### How to complete this task
The records beneath should be restated word for word.
::::::::
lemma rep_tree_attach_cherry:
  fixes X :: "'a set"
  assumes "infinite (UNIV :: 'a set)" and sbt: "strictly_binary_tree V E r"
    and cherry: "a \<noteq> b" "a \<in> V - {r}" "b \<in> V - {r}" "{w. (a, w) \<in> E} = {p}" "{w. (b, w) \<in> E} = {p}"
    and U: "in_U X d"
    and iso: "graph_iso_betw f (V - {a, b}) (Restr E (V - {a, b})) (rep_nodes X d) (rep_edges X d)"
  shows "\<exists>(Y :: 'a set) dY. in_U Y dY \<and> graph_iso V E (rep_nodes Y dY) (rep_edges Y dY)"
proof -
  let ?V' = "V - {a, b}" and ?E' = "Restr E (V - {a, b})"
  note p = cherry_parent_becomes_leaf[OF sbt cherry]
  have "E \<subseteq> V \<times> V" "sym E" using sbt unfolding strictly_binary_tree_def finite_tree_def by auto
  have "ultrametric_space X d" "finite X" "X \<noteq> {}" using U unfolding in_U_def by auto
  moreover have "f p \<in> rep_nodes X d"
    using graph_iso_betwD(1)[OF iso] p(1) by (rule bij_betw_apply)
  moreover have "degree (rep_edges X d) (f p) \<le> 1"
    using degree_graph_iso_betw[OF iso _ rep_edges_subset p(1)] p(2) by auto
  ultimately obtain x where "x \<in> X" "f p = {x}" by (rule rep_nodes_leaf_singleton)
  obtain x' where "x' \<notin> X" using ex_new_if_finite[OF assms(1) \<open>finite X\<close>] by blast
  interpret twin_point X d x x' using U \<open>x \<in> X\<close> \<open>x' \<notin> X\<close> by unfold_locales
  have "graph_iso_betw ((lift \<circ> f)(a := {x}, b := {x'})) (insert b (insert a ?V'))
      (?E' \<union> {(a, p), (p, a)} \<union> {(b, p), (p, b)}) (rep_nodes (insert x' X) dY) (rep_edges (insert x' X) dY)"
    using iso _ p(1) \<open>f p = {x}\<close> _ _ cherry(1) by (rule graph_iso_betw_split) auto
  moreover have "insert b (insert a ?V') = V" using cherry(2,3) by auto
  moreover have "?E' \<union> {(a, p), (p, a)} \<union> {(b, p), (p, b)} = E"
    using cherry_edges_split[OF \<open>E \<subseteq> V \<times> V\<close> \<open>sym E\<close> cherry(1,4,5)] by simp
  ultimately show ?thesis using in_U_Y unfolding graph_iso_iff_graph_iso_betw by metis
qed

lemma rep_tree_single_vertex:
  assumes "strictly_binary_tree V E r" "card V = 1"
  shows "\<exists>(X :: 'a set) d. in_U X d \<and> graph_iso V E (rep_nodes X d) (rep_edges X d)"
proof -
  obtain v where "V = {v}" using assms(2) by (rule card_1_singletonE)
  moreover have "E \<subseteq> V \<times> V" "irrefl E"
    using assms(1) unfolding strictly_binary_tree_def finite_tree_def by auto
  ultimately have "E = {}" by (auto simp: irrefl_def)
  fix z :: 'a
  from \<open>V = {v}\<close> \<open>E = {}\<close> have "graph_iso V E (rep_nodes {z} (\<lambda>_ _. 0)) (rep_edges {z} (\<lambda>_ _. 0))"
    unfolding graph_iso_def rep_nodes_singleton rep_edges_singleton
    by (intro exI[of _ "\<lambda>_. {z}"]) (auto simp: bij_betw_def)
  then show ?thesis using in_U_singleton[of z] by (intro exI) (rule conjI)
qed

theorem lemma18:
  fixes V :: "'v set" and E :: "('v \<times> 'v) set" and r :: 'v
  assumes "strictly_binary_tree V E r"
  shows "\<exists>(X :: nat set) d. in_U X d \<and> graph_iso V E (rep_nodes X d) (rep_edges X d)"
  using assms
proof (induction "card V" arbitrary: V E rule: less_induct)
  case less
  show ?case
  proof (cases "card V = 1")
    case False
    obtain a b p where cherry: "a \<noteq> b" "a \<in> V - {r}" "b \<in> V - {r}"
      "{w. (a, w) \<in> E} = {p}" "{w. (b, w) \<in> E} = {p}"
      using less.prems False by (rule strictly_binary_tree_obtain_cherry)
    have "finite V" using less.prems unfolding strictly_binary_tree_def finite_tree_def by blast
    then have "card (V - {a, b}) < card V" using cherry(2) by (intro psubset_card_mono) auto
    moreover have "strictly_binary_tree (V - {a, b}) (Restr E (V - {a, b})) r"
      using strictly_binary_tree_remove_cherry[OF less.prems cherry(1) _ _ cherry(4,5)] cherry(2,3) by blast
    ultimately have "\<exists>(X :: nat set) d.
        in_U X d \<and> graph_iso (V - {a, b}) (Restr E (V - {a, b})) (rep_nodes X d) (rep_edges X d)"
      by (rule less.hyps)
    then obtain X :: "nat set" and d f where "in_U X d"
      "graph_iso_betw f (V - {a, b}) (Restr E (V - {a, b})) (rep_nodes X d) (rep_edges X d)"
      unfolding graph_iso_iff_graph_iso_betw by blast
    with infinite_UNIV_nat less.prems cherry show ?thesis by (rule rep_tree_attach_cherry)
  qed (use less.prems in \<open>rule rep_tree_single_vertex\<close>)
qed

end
::::::::
### Reply to the exercise
lemma rep_tree_attach_cherry:
  fixes X :: "'a set"
  assumes "infinite (UNIV :: 'a set)" and sbt: "strictly_binary_tree V E r"
    and cherry: "a \<noteq> b" "a \<in> V - {r}" "b \<in> V - {r}" "{w. (a, w) \<in> E} = {p}" "{w. (b, w) \<in> E} = {p}"
    and U: "in_U X d"
    and iso: "graph_iso_betw f (V - {a, b}) (Restr E (V - {a, b})) (rep_nodes X d) (rep_edges X d)"
  shows "\<exists>(Y :: 'a set) dY. in_U Y dY \<and> graph_iso V E (rep_nodes Y dY) (rep_edges Y dY)"
proof -
  let ?V' = "V - {a, b}" and ?E' = "Restr E (V - {a, b})"
  note p = cherry_parent_becomes_leaf[OF sbt cherry]
  have "E \<subseteq> V \<times> V" "sym E" using sbt unfolding strictly_binary_tree_def finite_tree_def by auto
  have "ultrametric_space X d" "finite X" "X \<noteq> {}" using U unfolding in_U_def by auto
  moreover have "f p \<in> rep_nodes X d"
    using graph_iso_betwD(1)[OF iso] p(1) by (rule bij_betw_apply)
  moreover have "degree (rep_edges X d) (f p) \<le> 1"
    using degree_graph_iso_betw[OF iso _ rep_edges_subset p(1)] p(2) by auto
  ultimately obtain x where "x \<in> X" "f p = {x}" by (rule rep_nodes_leaf_singleton)
  obtain x' where "x' \<notin> X" using ex_new_if_finite[OF assms(1) \<open>finite X\<close>] by blast
  interpret twin_point X d x x' using U \<open>x \<in> X\<close> \<open>x' \<notin> X\<close> by unfold_locales
  have "graph_iso_betw ((lift \<circ> f)(a := {x}, b := {x'})) (insert b (insert a ?V'))
      (?E' \<union> {(a, p), (p, a)} \<union> {(b, p), (p, b)}) (rep_nodes (insert x' X) dY) (rep_edges (insert x' X) dY)"
    using iso _ p(1) \<open>f p = {x}\<close> _ _ cherry(1) by (rule graph_iso_betw_split) auto
  moreover have "insert b (insert a ?V') = V" using cherry(2,3) by auto
  moreover have "?E' \<union> {(a, p), (p, a)} \<union> {(b, p), (p, b)} = E"
    using cherry_edges_split[OF \<open>E \<subseteq> V \<times> V\<close> \<open>sym E\<close> cherry(1,4,5)] by simp
  ultimately show ?thesis using in_U_Y unfolding graph_iso_iff_graph_iso_betw by metis
qed

lemma rep_tree_single_vertex:
  assumes "strictly_binary_tree V E r" "card V = 1"
  shows "\<exists>(X :: 'a set) d. in_U X d \<and> graph_iso V E (rep_nodes X d) (rep_edges X d)"
proof -
  obtain v where "V = {v}" using assms(2) by (rule card_1_singletonE)
  moreover have "E \<subseteq> V \<times> V" "irrefl E"
    using assms(1) unfolding strictly_binary_tree_def finite_tree_def by auto
  ultimately have "E = {}" by (auto simp: irrefl_def)
  fix z :: 'a
  from \<open>V = {v}\<close> \<open>E = {}\<close> have "graph_iso V E (rep_nodes {z} (\<lambda>_ _. 0)) (rep_edges {z} (\<lambda>_ _. 0))"
    unfolding graph_iso_def rep_nodes_singleton rep_edges_singleton
    by (intro exI[of _ "\<lambda>_. {z}"]) (auto simp: bij_betw_def)
  then show ?thesis using in_U_singleton[of z] by (intro exI) (rule conjI)
qed

theorem lemma18:
  fixes V :: "'v set" and E :: "('v \<times> 'v) set" and r :: 'v
  assumes "strictly_binary_tree V E r"
  shows "\<exists>(X :: nat set) d. in_U X d \<and> graph_iso V E (rep_nodes X d) (rep_edges X d)"
  using assms
proof (induction "card V" arbitrary: V E rule: less_induct)
  case less
  show ?case
  proof (cases "card V = 1")
    case False
    obtain a b p where cherry: "a \<noteq> b" "a \<in> V - {r}" "b \<in> V - {r}"
      "{w. (a, w) \<in> E} = {p}" "{w. (b, w) \<in> E} = {p}"
      using less.prems False by (rule strictly_binary_tree_obtain_cherry)
    have "finite V" using less.prems unfolding strictly_binary_tree_def finite_tree_def by blast
    then have "card (V - {a, b}) < card V" using cherry(2) by (intro psubset_card_mono) auto
    moreover have "strictly_binary_tree (V - {a, b}) (Restr E (V - {a, b})) r"
      using strictly_binary_tree_remove_cherry[OF less.prems cherry(1) _ _ cherry(4,5)] cherry(2,3) by blast
    ultimately have "\<exists>(X :: nat set) d.
        in_U X d \<and> graph_iso (V - {a, b}) (Restr E (V - {a, b})) (rep_nodes X d) (rep_edges X d)"
      by (rule less.hyps)
    then obtain X :: "nat set" and d f where "in_U X d"
      "graph_iso_betw f (V - {a, b}) (Restr E (V - {a, b})) (rep_nodes X d) (rep_edges X d)"
      unfolding graph_iso_iff_graph_iso_betw by blast
    with infinite_UNIV_nat less.prems cherry show ?thesis by (rule rep_tree_attach_cherry)
  qed (use less.prems in \<open>rule rep_tree_single_vertex\<close>)
qed

end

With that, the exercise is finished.